The hole transport layer 210 is made of one or more of PTAA, Poly-TPD, NiOx, P3HT, V2O5, MoOx, PEDOT, PSS, WOx, Spiro-OMeTAD, CuSCN, Cu2O, CuI, Spiro-TTB, F4-TCNQ, F6-TCNNQ, m-MTDATA or TAPC, and SAM (Self-assembled monolayer, such as MeO-2 PACZ), and the thickness of the hole transport layer 210 may be 0-1000 nm.

Specifically, the perovskite light absorbing layer 220 material is made of the general formula ABX3, wherein: a is a monovalent cation including, but not limited to, one or more of lithium, sodium, potassium, cesium, rubidium, an amine, or an amidino; b is a divalent cation including, but not limited to, one or more cations of lead particles, tin particles, tungsten particles, copper particles, zinc particles, gallium particles, selenium particles, rhodium particles, germanium particles, arsenic particles, palladium particles, silver particles, gold particles, indium particles, antimony particles, mercury particles, iridium particles, thallium particles, bismuth particles; x is a monovalent anion, including but not limited to one or more anions of iodine particles, bromine particles, chlorine particles, or astatine particles; the thickness of the perovskite light absorption layer 220 is 0.05-100 μm.

Specifically, the perovskite light absorption layer 220 material has a chemical formula Cs0.05FA0.80MA0.15PbI2.55Br0.45, wherein Cs is cesium, FA is formamidino, MA is methylamino, and I is iodine. The thickness of the light absorbing layer is 0.05-100 μm.

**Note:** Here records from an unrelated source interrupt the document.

(* Let $\mathbb{K}=(K,+,\times,0,1)$ be a semiring and let $A_1$ and $A_2$ be two RWTAs over the graded alphabet $\Sigma$ with weights in $K$. Then for every tree $t\in T_\Sigma$, $\mathbb{P}_{A_1\times A_2}(t)=\mathbb{P}_{A_1}(t)\times\mathbb{P}_{A_2}(t)$.
   Context: A graded alphabet is a finite set $\Sigma=\bigcup_{k\in\mathbb{N}}\Sigma_k$; $T_\Sigma$ is the set of trees $f(t_1,\ldots,t_k)$ with $f\in\Sigma_k$. A semiring $(K,+,\times,0,1)$: $(K,+)$ commutative monoid with identity $0$, $(K,\times)$ monoid with identity $1$, $0$ absorbing, $\times$ distributes over $+$. A RWTA with weights in $K$ is $A=(\Sigma,Q,\nu,\delta)$ with $Q$ finite, $\nu:Q\to K$, $\delta\subseteq\bigcup_k Q\times\Sigma_k\times Q^k$. Write $\delta(f,q_1,\ldots,q_k)=\{q\mid(q,f,q_1,\ldots,q_k)\in\delta\}$, extended to subsets by union over tuples; $\nu(S)=\sum_{s\in S}\nu(s)$ ($\nu(\emptyset)=0$); $\Delta(f(t_1,\ldots,t_k))=\delta(f,\Delta(t_1),\ldots,\Delta(t_k))$; $\mathbb{P}_A(t)=\nu(\Delta(t))$. For $A_i=(\Sigma,Q_i,\nu_i,\delta_i)$, the product $A_1\times A_2$ is the RWTA with states $Q_1\times Q_2$, transitions $\delta'(f,(q_{1_1},q_{2_1}),\ldots,(q_{1_k},q_{2_k}))=\delta_1(f,q_{1_1},\ldots,q_{1_k})\times\delta_2(f,q_{2_1},\ldots,q_{2_k})$, and root weights $\nu'((q_1,q_2))=\nu_1(q_1)\times\nu_2(q_2)$. *)

theory Defs
  imports Main
begin

(* Ranked trees over a graded alphabet; the grading is given by an arity function ar. *)
datatype 'f tree = Node 'f "'f tree list"

fun wf_tree :: "'f set \<Rightarrow> ('f \<Rightarrow> nat) \<Rightarrow> 'f tree \<Rightarrow> bool" where
  "wf_tree Sig ar (Node f ts) \<longleftrightarrow> f \<in> Sig \<and> length ts = ar f \<and> (\<forall>t\<in>set ts. wf_tree Sig ar t)"

record ('f, 'q, 'k) rwta =
  states :: "'q set"
  nu :: "'q \<Rightarrow> 'k"
  delta :: "('q \<times> 'f \<times> 'q list) set"

definition is_rwta :: "'f set \<Rightarrow> ('f \<Rightarrow> nat) \<Rightarrow> ('f, 'q, 'k) rwta \<Rightarrow> bool" where
  "is_rwta Sig ar A \<longleftrightarrow> finite Sig \<and> finite (states A) \<and>
     delta A \<subseteq> {(q, f, qs). q \<in> states A \<and> f \<in> Sig \<and> length qs = ar f \<and> set qs \<subseteq> states A}"

definition delta_set :: "('q \<times> 'f \<times> 'q list) set \<Rightarrow> 'f \<Rightarrow> 'q set list \<Rightarrow> 'q set" where
  "delta_set d f Ss = {q. \<exists>qs. list_all2 (\<in>) qs Ss \<and> (q, f, qs) \<in> d}"

fun Delta :: "('f, 'q, 'k) rwta \<Rightarrow> 'f tree \<Rightarrow> 'q set" where
  "Delta A (Node f ts) = delta_set (delta A) f (map (Delta A) ts)"

definition prob :: "('f, 'q, 'k::comm_monoid_add) rwta \<Rightarrow> 'f tree \<Rightarrow> 'k" where
  "prob A t = (\<Sum>q\<in>Delta A t. nu A q)"

definition rwta_prod :: "('f, 'q1, 'k::times) rwta \<Rightarrow> ('f, 'q2, 'k) rwta \<Rightarrow> ('f, 'q1 \<times> 'q2, 'k) rwta" where
  "rwta_prod A1 A2 =
     \<lparr> states = states A1 \<times> states A2,
       nu = (\<lambda>(q1, q2). nu A1 q1 * nu A2 q2),
       delta = {((q1, q2), f, ps). (q1, f, map fst ps) \<in> delta A1 \<and> (q2, f, map snd ps) \<in> delta A2} \<rparr>"

end

theory Submission
  imports Defs
begin

text \<open>By induction on the tree, the run of the product automaton reaches exactly the pairs of
states reached by the two factors, since a tuple of state pairs is the same as a pair of state
tuples. The weight of a product set of states then factors by distributivity.\<close>

lemma list_all2_in_map2_Times:
  assumes "length Ss = length Ts"
  shows "list_all2 (\<in>) ps (map2 (\<times>) Ss Ts) \<longleftrightarrow>
    list_all2 (\<in>) (map fst ps) Ss \<and> list_all2 (\<in>) (map snd ps) Ts"
  using assms
proof (induction Ss Ts arbitrary: ps rule: list_induct2)
  case Nil
  then show ?case by (cases ps) auto
next
  case (Cons S Ss T Ts)
  then show ?case by (cases ps) (auto simp: mem_Times_iff)
qed

lemma delta_set_rwta_prod:
  assumes "length Ss = length Ts"
  shows "delta_set (delta (rwta_prod A1 A2)) f (map2 (\<times>) Ss Ts) =
    delta_set (delta A1) f Ss \<times> delta_set (delta A2) f Ts"
proof (rule set_eqI, clarify)
  fix q1 q2
  show "(q1, q2) \<in> delta_set (delta (rwta_prod A1 A2)) f (map2 (\<times>) Ss Ts) \<longleftrightarrow>
    (q1, q2) \<in> delta_set (delta A1) f Ss \<times> delta_set (delta A2) f Ts"
  proof
    assume "(q1, q2) \<in> delta_set (delta (rwta_prod A1 A2)) f (map2 (\<times>) Ss Ts)"
    then obtain ps where "list_all2 (\<in>) ps (map2 (\<times>) Ss Ts)"
      and "(q1, f, map fst ps) \<in> delta A1" and "(q2, f, map snd ps) \<in> delta A2"
      by (auto simp: delta_set_def rwta_prod_def)
    then show "(q1, q2) \<in> delta_set (delta A1) f Ss \<times> delta_set (delta A2) f Ts"
      using list_all2_in_map2_Times[OF assms] by (auto simp: delta_set_def)
  next
    assume "(q1, q2) \<in> delta_set (delta A1) f Ss \<times> delta_set (delta A2) f Ts"
    then obtain qs1 qs2 where qs1: "list_all2 (\<in>) qs1 Ss" "(q1, f, qs1) \<in> delta A1"
      and qs2: "list_all2 (\<in>) qs2 Ts" "(q2, f, qs2) \<in> delta A2"
      by (auto simp: delta_set_def)
    have "length qs1 = length qs2"
      using qs1(1) qs2(1) assms by (simp add: list_all2_lengthD)
    then have "list_all2 (\<in>) (zip qs1 qs2) (map2 (\<times>) Ss Ts)"
      using qs1(1) qs2(1) list_all2_in_map2_Times[OF assms] by simp
    with qs1(2) qs2(2) \<open>length qs1 = length qs2\<close>
    show "(q1, q2) \<in> delta_set (delta (rwta_prod A1 A2)) f (map2 (\<times>) Ss Ts)"
      unfolding delta_set_def rwta_prod_def by (auto intro!: exI[of _ "zip qs1 qs2"])
  qed
qed

lemma Delta_rwta_prod: "Delta (rwta_prod A1 A2) t = Delta A1 t \<times> Delta A2 t"
proof (induction t)
  case (Node f ts)
  then have "map (Delta (rwta_prod A1 A2)) ts = map2 (\<times>) (map (Delta A1) ts) (map (Delta A2) ts)"
    by (simp add: map2_map_map)
  then show ?case
    by (simp add: delta_set_rwta_prod)
qed

lemma Delta_subset_states: "is_rwta Sig ar A \<Longrightarrow> Delta A t \<subseteq> states A"
  by (cases t) (force simp: is_rwta_def delta_set_def)

lemma finite_Delta: "is_rwta Sig ar A \<Longrightarrow> finite (Delta A t)"
  using Delta_subset_states finite_subset is_rwta_def by metis

theorem proposition3:
  fixes Sig :: "'f set" and ar :: "'f \<Rightarrow> nat"
    and A1 :: "('f, 'q1, 'k::{semiring_0, monoid_mult}) rwta"
    and A2 :: "('f, 'q2, 'k) rwta"
  assumes "is_rwta Sig ar A1" and "is_rwta Sig ar A2"
    and "wf_tree Sig ar t"
  shows "prob (rwta_prod A1 A2) t = prob A1 t * prob A2 t"
proof -
  have "prob (rwta_prod A1 A2) t = (\<Sum>(q1, q2) \<in> Delta A1 t \<times> Delta A2 t. nu A1 q1 * nu A2 q2)"
    unfolding prob_def Delta_rwta_prod by (simp add: rwta_prod_def)
  also have "\<dots> = prob A1 t * prob A2 t"
    using finite_Delta[OF assms(1)] finite_Delta[OF assms(2)]
    by (simp add: prob_def sum_product sum.cartesian_product)
  finally show ?thesis .
qed

end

Specifically, the material of which the electron transport layer 230 is made is one or more of SnO2, TiO2, ZnO, ZrO2, TiSnOx, SnZnOx, fullerene, and derivatives thereof; the electron transport layer 230 has a thickness of 0 to 500 nm.

Specifically, the material of which the top electrode buffer layer 240 is made is one or more of V2O5, MoOx, Ag, Au, Cu, SnO2, ZnO, TiO2, Al2O3, SiO2, Si3N4, PMMA, BCP, PEIE microcrystalline silicon or amorphous silicon; the top electrode buffer layer 240 has a thickness of 0-50 nm.

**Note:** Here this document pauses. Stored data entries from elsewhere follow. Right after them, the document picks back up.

text \<open>Extensions of f to intermediate fields, represented by their graphs so that Zorn's lemma
  for set inclusion applies.\<close>
definition extensions :: "'a::field set \<Rightarrow> 'a set \<Rightarrow> 'a set \<Rightarrow> ('a \<Rightarrow> 'a) \<Rightarrow> ('a \<times> 'a) set set" where
  "extensions K L F f = {graph_on R g | R g. embedding_over K L R g \<and> F \<subseteq> R \<and> (\<forall>a\<in>F. g a = f a)}"

lemma embedding_over_directed_union:
  assumes R0: "embedding_over K L R0 g0" "R0 \<subseteq> R" "\<forall>a\<in>R0. g a = g0 a"
    and directed: "\<And>x y. x \<in> R \<Longrightarrow> y \<in> R \<Longrightarrow> \<exists>R' g'. embedding_over K L R' g' \<and>
      x \<in> R' \<and> y \<in> R' \<and> R' \<subseteq> R \<and> (\<forall>a\<in>R'. g a = g' a)"
  shows "embedding_over K L R g"
proof -
  have "subfield R"
    unfolding subfield_def
  proof (intro conjI ballI)
    show "0 \<in> R" "1 \<in> R" using R0 subfield_closed(1,2) by (auto simp: embedding_over_def)
  next
    fix x y assume "x \<in> R" "y \<in> R"
    then obtain R' g' where "embedding_over K L R' g'" "x \<in> R'" "y \<in> R'" "R' \<subseteq> R"
      using directed by blast
    then have "x + y \<in> R'" "x * y \<in> R'" "- x \<in> R'" "inverse x \<in> R'"
      using subfield_closed(3,4,5,7) by (auto simp: embedding_over_def)
    then show "x + y \<in> R" "x * y \<in> R" "- x \<in> R" "inverse x \<in> R"
      using \<open>R' \<subseteq> R\<close> by auto
  qed
  moreover have "x \<in> L \<and> g x \<in> L" if x: "x \<in> R" for x
  proof -
    obtain R' g' where "embedding_over K L R' g'" "x \<in> R'" "\<forall>a\<in>R'. g a = g' a"
      using directed[OF x x] by blast
    then show ?thesis by (auto simp: embedding_over_def)
  qed
  moreover have "ring_hom_on R g"
    unfolding ring_hom_on_def
  proof (intro ballI conjI)
    fix x y assume "x \<in> R" "y \<in> R"
    then obtain R' g' where R': "embedding_over K L R' g'" "x \<in> R'" "y \<in> R'" "\<forall>a\<in>R'. g a = g' a"
      using directed by blast
    then have "x + y \<in> R'" "x * y \<in> R'" using subfield_closed(3,4) by (auto simp: embedding_over_def)
    then show "g (x + y) = g x + g y" "g (x * y) = g x * g y"
      using R' ring_hom_on_add ring_hom_on_mult by (auto simp: embedding_over_def)
  qed
  moreover have "K \<subseteq> R" "\<forall>k\<in>K. g k = k" using R0 by (auto simp: embedding_over_def)
  ultimately show ?thesis by (auto simp: embedding_over_def)
qed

Specifically, the necessary materials for making the transparent electrode 250 are ITO, IZO, AZO, and graphene, and include, but are not limited to, one or more of Ag, Au, Cu, and Al metal nanowires; the thickness of the transparent electrode 250 is 0-500 nm.

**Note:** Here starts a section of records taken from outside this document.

(* For every integer $n\ge0$, $$E_6^b(n)=(2n+1)A_5^b(n)=\tfrac15(1+2n)^2(5+27n+71n^2+88n^3+44n^4),$$ $E_6^s(0)=1$, $E_6^s(n)=\tfrac25 n(47+480n^2+528n^4)$ for $n\ge1$, and $$\sum_{n\ge0}E_6^b(n)x^n=\frac{1+416x+5815x^2+12880x^3+5815x^4+416x^5+x^6}{(1-x)^7}.$$
   Context: Let $G$ be the $8\times 6$ matrix whose columns are $c_1=(0,-1,1,0,0,0,0,0)^T$, $c_2=(0,0,-1,1,0,0,0,0)^T$, $c_3=(0,0,0,-1,1,0,0,0)^T$, $c_4=(0,0,0,0,-1,1,0,0)^T$, $c_5=(0,0,0,0,0,-1,1,0)^T$, $c_6=\tfrac12(1,1,1,1,-1,-1,-1,-1)^T$, and let $E_6=G\mathbb{Z}^6\subset\mathbb{R}^8$. For an integer $n\ge0$, $E_6^b(n)$ is the number of points $p\in E_6\cap\mathbb{Z}^8$ with $|p_i|\le n$ for all $i=1,\dots,8$; $E_6^s(0)=1$ and $E_6^s(n)=E_6^b(n)-E_6^b(n-1)$ for $n\ge1$. Here $A_5^b(n)$ denotes the number of $q\in\mathbb{Z}^6$ with $|q_i|\le n$ for all $i$ and $q_1+\dots+q_6=0$. The generating function is a formal power series in $x$. *)

theory Defs
  imports Complex_Main "HOL-Computational_Algebra.Formal_Power_Series"
begin

text \<open>Entries of the 8x6 matrix G, rows i = 0..7, columns j = 0..5 (0-indexed).
  Columns j = 0..4 are c_{j+1}: -1 in row j+1, +1 in row j+2.
  Column 5 is c_6 = 1/2 (1,1,1,1,-1,-1,-1,-1).\<close>
definition G :: "nat \<Rightarrow> nat \<Rightarrow> real" where
  "G i j = (if j < 5 then (if i = j + 1 then -1 else if i = j + 2 then 1 else 0)
            else if j = 5 then (if i < 4 then 1/2 else if i < 8 then -1/2 else 0)
            else 0)"

definition in_E6 :: "(nat \<Rightarrow> int) \<Rightarrow> bool" where
  "in_E6 p \<longleftrightarrow> (\<exists>z :: nat \<Rightarrow> int. \<forall>i<8. real_of_int (p i) = (\<Sum>j<6. G i j * real_of_int (z j)))"

definition E6b :: "nat \<Rightarrow> nat" where
  "E6b n = card {p :: nat \<Rightarrow> int. (\<forall>i\<ge>8. p i = 0) \<and> (\<forall>i<8. \<bar>p i\<bar> \<le> int n) \<and> in_E6 p}"

definition E6s :: "nat \<Rightarrow> int" where
  "E6s n = (if n = 0 then 1 else int (E6b n) - int (E6b (n - 1)))"

definition A5b :: "nat \<Rightarrow> nat" where
  "A5b n = card {q :: nat \<Rightarrow> int. (\<forall>i\<ge>6. q i = 0) \<and> (\<forall>i<6. \<bar>q i\<bar> \<le> int n) \<and> (\<Sum>i<6. q i) = 0}"

end

theory Submission
  imports Defs
begin

(*
  Writing out the eight coordinates of G z shows that an integer point p lies in E6
  exactly when p7 = -p0 and p1 + ... + p6 = 0.  Hence the points of E6 in the cube [-n,n]^8 are
  in bijection with the pairs (p0, q) where p0 ranges over [-n,n] and q over the points of
  [-n,n]^6 with coordinate sum 0, which gives E6b n = (2n+1) * A5b n.

  The number of points of [-n,n]^k with coordinate sum s is computed by inclusion-exclusion in
  terms of the numbers of weak compositions, i.e. binomial coefficients; for k = 6, s = 0 only
  three terms survive and A5b n turns out to be (1+2n)(5+27n+71n^2+88n^3+44n^4)/5.  This yields
  the closed form of E6b n as a polynomial E6_poly of degree 6 in n, and E6s by subtraction.

  Finally, for any sequence a the n-th coefficient of (1 - X)^k * sum a_n X^n is the k-th
  backward difference of a (with a_m = 0 for m < 0).  Since E6_poly has degree 6 its seventh
  difference vanishes, so (1 - X)^7 times the generating function is the polynomial whose
  coefficients are the seven initial differences; this is the rational generating function.
*)

section \<open>The lattice E6 by linear equations\<close>

lemma in_E6_iff:
  "in_E6 p \<longleftrightarrow> p 7 = - p 0 \<and> p 1 + p 2 + p 3 + p 4 + p 5 + p 6 = 0"
proof
  assume "in_E6 p"
  then obtain z :: "nat \<Rightarrow> int"
    where coords: "\<And>i. i < 8 \<Longrightarrow> real_of_int (p i) = (\<Sum>j<6. G i j * real_of_int (z j))"
    unfolding in_E6_def by blast
  have row: "real_of_int (p i) = (\<Sum>j<6. G i j * real_of_int (z j))" if "i < 8" for i
    using coords that .
  note G_rows = G_def eval_nat_numeral lessThan_Suc
  have "real_of_int (p 0) = real_of_int (z 5) / 2"
       "real_of_int (p 7) = - real_of_int (z 5) / 2"
    using row[of 0] row[of 7] by (simp_all add: G_rows)
  moreover have "real_of_int (p 1 + p 2 + p 3 + p 4 + p 5 + p 6) = 0"
    using row[of 1] row[of 2] row[of 3] row[of 4] row[of 5] row[of 6] by (simp add: G_rows)
  ultimately show "p 7 = - p 0 \<and> p 1 + p 2 + p 3 + p 4 + p 5 + p 6 = 0"
    by linarith
next
  assume eqs: "p 7 = - p 0 \<and> p 1 + p 2 + p 3 + p 4 + p 5 + p 6 = 0"
  define z0 where "z0 = p 0 - p 1"
  define z1 where "z1 = p 0 + z0 - p 2"
  define z2 where "z2 = p 0 + z1 - p 3"
  define z3 where "z3 = z2 - p 0 - p 4"
  define z4 where "z4 = z3 - p 0 - p 5"
  define z :: "nat \<Rightarrow> int" where
    "z = (\<lambda>j. if j = 0 then z0 else if j = 1 then z1 else if j = 2 then z2
              else if j = 3 then z3 else if j = 4 then z4 else 2 * p 0)"
  have "real_of_int (p i) = (\<Sum>j<6. G i j * real_of_int (z j))" if "i < 8" for i
  proof -
    from that have "i = 0 \<or> i = 1 \<or> i = 2 \<or> i = 3 \<or> i = 4 \<or> i = 5 \<or> i = 6 \<or> i = 7"
      by linarith
    then show ?thesis
      using eqs by (auto simp: G_def eval_nat_numeral lessThan_Suc z_def z0_def z1_def z2_def z3_def z4_def)
  qed
  then show "in_E6 p"
    unfolding in_E6_def by blast
qed

section \<open>Reduction of E6b to A5b\<close>

definition cube_slice :: "nat \<Rightarrow> nat \<Rightarrow> int \<Rightarrow> (nat \<Rightarrow> int) set" where
  "cube_slice n k s = {q. (\<forall>i\<ge>k. q i = 0) \<and> (\<forall>i<k. \<bar>q i\<bar> \<le> int n) \<and> (\<Sum>i<k. q i) = s}"

lemma finite_cube_slice: "finite (cube_slice n k s)"
proof (rule finite_subset)
  show "cube_slice n k s \<subseteq>
      {q. \<forall>i. (i \<in> {..<k} \<longrightarrow> q i \<in> {-int n..int n}) \<and> (i \<notin> {..<k} \<longrightarrow> q i = 0)}"
    by (auto simp: cube_slice_def)
  show "finite {q. \<forall>i. (i \<in> {..<k} \<longrightarrow> q i \<in> {-int n..int n}) \<and> (i \<notin> {..<k} \<longrightarrow> q i = 0)}"
    by (rule finite_set_of_finite_funs) auto
qed

lemma A5b_cube_slice: "A5b n = card (cube_slice n 6 0)"
  by (simp add: A5b_def cube_slice_def)

text \<open>A point of E6 in the cube is determined by its free coordinate p0 and the zero-sum
  vector (p1, ..., p6); hence the cube count factorises.\<close>

lemma E6b_eq_A5b: "E6b n = (2 * n + 1) * A5b n"
proof -
  let ?S = "{p :: nat \<Rightarrow> int. (\<forall>i\<ge>8. p i = 0) \<and> (\<forall>i<8. \<bar>p i\<bar> \<le> int n) \<and> in_E6 p}"
  let ?D = "{-int n..int n} \<times> cube_slice n 6 0"
  define point :: "int \<times> (nat \<Rightarrow> int) \<Rightarrow> nat \<Rightarrow> int" where
    "point = (\<lambda>(t, q) i. if i = 0 then t else if i = 7 then -t else if 1 \<le> i \<and> i \<le> 6 then q (i - 1) else 0)"
  have "inj_on point ?D"
  proof (rule inj_onI, clarify)
    fix t q t' q'
    assume q: "q \<in> cube_slice n 6 0" and q': "q' \<in> cube_slice n 6 0"
      and eq: "point (t, q) = point (t', q')"
    have "q i = q' i" for i
    proof (cases "i < 6")
      case True
      then show ?thesis using fun_cong[OF eq, of "Suc i"] by (simp add: point_def)
    next
      case False
      then show ?thesis using q q' by (simp add: cube_slice_def)
    qed
    then show "t = t' \<and> q = q'"
      using fun_cong[OF eq, of 0] by (auto simp: point_def)
  qed
  moreover have "point ` ?D = ?S"
  proof
    show "point ` ?D \<subseteq> ?S"
    proof (rule image_subsetI)
      fix x assume "x \<in> ?D"
      then obtain t q where x: "x = (t, q)" and t: "t \<in> {-int n..int n}" and q: "q \<in> cube_slice n 6 0"
        by blast
      have "q 0 + q 1 + q 2 + q 3 + q 4 + q 5 = 0" and bound: "\<And>i. i < 6 \<Longrightarrow> \<bar>q i\<bar> \<le> int n"
        using q by (simp_all add: cube_slice_def eval_nat_numeral)
      moreover have "\<bar>point (t, q) i\<bar> \<le> int n" if "i < 8" for i
        using that t bound[of "i - 1"] by (auto simp: point_def)
      ultimately show "point x \<in> ?S"
        by (simp add: x in_E6_iff point_def)
    qed
    show "?S \<subseteq> point ` ?D"
    proof
      fix p assume "p \<in> ?S"
      then have outside: "\<forall>i\<ge>8. p i = 0" and bound: "\<forall>i<8. \<bar>p i\<bar> \<le> int n"
        and eqs: "p 7 = - p 0 \<and> p 1 + p 2 + p 3 + p 4 + p 5 + p 6 = 0"
        by (auto simp: in_E6_iff)
      define q where "q = (\<lambda>i. if i < 6 then p (Suc i) else 0)"
      have "q \<in> cube_slice n 6 0"
        using bound eqs by (auto simp: cube_slice_def q_def eval_nat_numeral)
      moreover have "p 0 \<in> {-int n..int n}"
        using bound by fastforce
      moreover have "p = point (p 0, q)"
        using outside eqs by (auto simp: point_def q_def not_less_eq_eq)
      ultimately show "p \<in> point ` ?D" by blast
    qed
  qed
  ultimately have "E6b n = card ?D"
    by (simp add: E6b_def card_image[symmetric])
  then show ?thesis
    by (simp add: A5b_cube_slice card_cartesian_product nat_add_distrib nat_mult_distrib)
qed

Specifically, the metal gate line electrode layer 260 is made of one or more of ITO, IZO, AZO, graphene, and metal nanowires including but not limited to Ag, Au, Cu, or Al, and the thickness of the metal gate line electrode layer 260 is 0 to 500 nm.

Specifically, the antireflection layer 270 is made of one or more of LiF, MgF2, AlN, ZnS, Si3N4, SiO2, TiO2, or a flexible adhesive film having a textured structure, and the thickness of the antireflection layer 270 is 0-3 mm.

The names of the technical features and the letter expressions of the material names are all commonly used in the field.

The foregoing detailed description of the preferred embodiments of the invention has been presented. It should be understood that numerous modifications and variations could be devised by those skilled in the art in light of the present teachings without departing from the inventive concepts. Therefore, the technical solutions available to those skilled in the art through logic analysis, reasoning and limited experiments based on the prior art according to the concept of the present invention should be within the scope of protection defined by the claims.